Scientific classification
- Kingdom: Plantae
- Clade: Tracheophytes
- Clade: Angiosperms
- Clade: Eudicots
- Clade: Rosids
- Order: Rosales
- Family: Rhamnaceae
- Genus: Ceanothus
- Species: C. hearstiorum
- Binomial name: Ceanothus hearstiorum Hoover & J.B.Roof

= Ceanothus hearstiorum =

- Genus: Ceanothus
- Species: hearstiorum
- Authority: Hoover & J.B.Roof
- Conservation status: G2

Species of flowering plant

Ceanothus hearstiorum is a species of flowering shrub known by the common names Hearst Ranch buckbrush and Hearst's ceanothus. This Ceanothus is endemic to California, where it grows wild only on the hilly coastline of San Luis Obispo County.

==Description==
This shrub is generally wider than it is tall and often lies prostrate in a mat on the ground. The younger branches are hairy and somewhat feltlike in texture.

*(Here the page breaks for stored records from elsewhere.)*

lemma coinvariants_deltaL:
  "coinvariants (Smaps \<iota>) (\<circ>) id lam (centralizer \<iota>) (Emaps \<iota>) (\<circ>) rho (deltaL n \<beta> t) = range lam"
proof -
  have coinvariant_iff: "teq_SE \<iota> (deltaL n \<beta> t g) [(id, g)] \<longleftrightarrow> g \<in> range lam"
    if g: "g \<in> Emaps \<iota>" for g
  proof -
    have "teq_SE \<iota> (deltaL n \<beta> t g) [(id, g)] \<longleftrightarrow> (\<forall>x y. g (x * y) = g x * y)"
      using g by (auto simp: teq_SE_deltaL_iff id_in_Smaps SE_form_def)
    also have "\<dots> \<longleftrightarrow> g \<in> range lam"
      by (rule right_linear_iff_in_range_lam)
    finally show ?thesis .
  qed
  have "range lam \<subseteq> Emaps \<iota>"
    using lam_in_Emaps by blast
  then show ?thesis
    unfolding coinvariants_def teqHC_def by (auto simp: coinvariant_iff)
qed

lemma deltaL_id: "teq_SE \<iota> (deltaL n \<beta> t id) [(id, id)]"
  by (simp add: teq_SE_deltaL_iff id_in_Emaps id_in_Smaps SE_form_def)

lemma deltaL_target_balanced:
  assumes g: "g \<in> Emaps \<iota>" and r: "r \<in> centralizer \<iota>"
  shows "teq_SE \<iota> (map (\<lambda>(h, x). (h \<circ> lam r, x)) (deltaL n \<beta> t g))
                    (map (\<lambda>(h, x). (h, x \<circ> rho r)) (deltaL n \<beta> t g))"
proof (rule teq_SE_iff_SE_form_eq[THEN iffD2])
  show "set (map (\<lambda>(h, x). (h \<circ> lam r, x)) (deltaL n \<beta> t g)) \<subseteq> Smaps \<iota> \<times> Emaps \<iota>"
    and "set (map (\<lambda>(h, x). (h, x \<circ> rho r)) (deltaL n \<beta> t g)) \<subseteq> Smaps \<iota> \<times> Emaps \<iota>"
    using g r by (auto simp: deltaL_def beta_in_Smaps lam_in_Smaps Smaps_comp twist_in_Emaps
        t_in_Tset rho_in_Emaps Emaps_comp)
  show "SE_form (map (\<lambda>(h, x). (h \<circ> lam r, x)) (deltaL n \<beta> t g))
      = SE_form (map (\<lambda>(h, x). (h, x \<circ> rho r)) (deltaL n \<beta> t g))"
    by (simp add: fun_eq_iff SE_form_def deltaL_def o_def twist_expansion[OF g] mult.assoc)
qed

lemma deltaL_comp:
  assumes g: "g \<in> Emaps \<iota>" and g': "g' \<in> Emaps \<iota>"
  shows "teq_SE \<iota> (deltaL n \<beta> t (g \<circ> g'))
     (concat (map (\<lambda>(h, x). map (\<lambda>(h', x'). (h \<circ> h', x \<circ> x')) (deltaL n \<beta> t g')) (deltaL n \<beta> t g)))"
    (is "teq_SE \<iota> _ ?prod")
proof -
  have "set ?prod \<subseteq> Smaps \<iota> \<times> Emaps \<iota>"
    using g g' by (auto simp: deltaL_def intro!: Smaps_comp Emaps_comp beta_in_Smaps twist_in_Emaps t_in_Tset)
  moreover have "SE_form ?prod x y = g (g' (x * y))" for x y
  proof -
    have "SE_form ?prod x y
        = (\<Sum>i\<leftarrow>[0..<n]. \<Sum>j\<leftarrow>[0..<n]. twist g (t i) (twist g' (t j) x) * \<beta> i (\<beta> j y))"
      by (simp add: SE_form_def deltaL_def o_def sum_list_map_concat)
    also have "\<dots> = (\<Sum>j\<leftarrow>[0..<n]. \<Sum>i\<leftarrow>[0..<n]. twist g (t i) (twist g' (t j) x) * \<beta> i (\<beta> j y))"
      by (rule sum_list_swap)
    also have "\<dots> = (\<Sum>j\<leftarrow>[0..<n]. g (twist g' (t j) x * \<beta> j y))"
      by (simp add: twist_expansion[OF g])
    also have "\<dots> = g (g' (x * y))"
      by (simp add: twist_expansion[OF g'] flip: Emaps_sum_list[OF g])
    finally show ?thesis .
  qed
  ultimately show ?thesis
    using teq_SE_deltaL_iff[OF Emaps_comp[OF g g']] by simp
qed

lemma deltaL_coassoc:
  assumes c: "c \<in> Emaps \<iota>"
  shows "teq_SSE \<iota>
      (concat (map (\<lambda>(h, x). map (\<lambda>(h1, h2). (h1, h2, x)) (Delta_cop n \<beta> t h)) (deltaL n \<beta> t c)))
      (concat (map (\<lambda>(h, x). map (\<lambda>(h', x'). (h, h', x')) (deltaL n \<beta> t x)) (deltaL n \<beta> t c)))"
    (is "teq_SSE \<iota> ?lhs ?rhs")
proof (rule teq_SSE_if_SSE_form_eq)
  show "set ?lhs \<subseteq> Smaps \<iota> \<times> Smaps \<iota> \<times> Emaps \<iota>"
    using c by (auto simp: deltaL_def Delta_cop_def beta_in_Smaps twist_in_Smaps twist_in_Emaps t_in_Tset)
  show "set ?rhs \<subseteq> Smaps \<iota> \<times> Smaps \<iota> \<times> Emaps \<iota>"
    using c by (auto simp: deltaL_def beta_in_Smaps twist_in_Emaps t_in_Tset)
  have "SSE_form ?lhs x y w = c (x * (y * w))" for x y w
  proof -
    have "SSE_form ?lhs x y w
        = (\<Sum>i\<leftarrow>[0..<n]. twist c (t i) x * (\<Sum>j\<leftarrow>[0..<n]. twist (\<beta> i) (t j) y * \<beta> j w))"
      by (simp add: SSE_form_def deltaL_def Delta_cop_def o_def sum_list_map_concat mult.assoc
          flip: sum_list_const_mult)
    also have "\<dots> = (\<Sum>i\<leftarrow>[0..<n]. twist c (t i) x * \<beta> i (y * w))"
      by (intro arg_cong[where f = sum_list] map_cong) (simp_all add: twist_expansion beta_in_Emaps)
    also have "\<dots> = c (x * (y * w))"
      by (rule twist_expansion[OF c])
    finally show ?thesis .
  qed
  moreover have "SSE_form ?rhs x y w = c (x * y * w)" for x y w
  proof -
    have "SSE_form ?rhs x y w
        = (\<Sum>i\<leftarrow>[0..<n]. (\<Sum>j\<leftarrow>[0..<n]. twist (twist c (t i)) (t j) x * \<beta> j y) * \<beta> i w)"
      by (simp add: SSE_form_def deltaL_def o_def sum_list_map_concat flip: sum_list_mult_const)
    also have "\<dots> = (\<Sum>i\<leftarrow>[0..<n]. twist c (t i) (x * y) * \<beta> i w)"
      using c by (intro arg_cong[where f = sum_list] map_cong)
        (simp_all add: twist_expansion twist_in_Emaps t_in_Tset)
    also have "\<dots> = c (x * y * w)"
      by (rule twist_expansion[OF c])
    finally show ?thesis .
  qed
  ultimately show "SSE_form ?lhs = SSE_form ?rhs"
    by (simp add: fun_eq_iff mult.assoc)
qed

lemma deltaL_counit: "g \<in> Emaps \<iota> \<Longrightarrow> (\<Sum>(h, x)\<leftarrow>deltaL n \<beta> t g. rho (h 1) \<circ> x) = g"
  by (simp add: fun_eq_iff sum_list_apply deltaL_def o_def twist_expansion)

The distinctive evergreen leaves are oval to almost rectangular and have a cupped, rippled surface. The edges are toothed with tiny glandular knobs and the shiny surface may be dotted with more knobs. The underside of the leaf is fuzzy to hairy. The inflorescences are borne on short, stout stalks and the tiny flowers are lavender to blue with prominent yellow-anthered blue stamens.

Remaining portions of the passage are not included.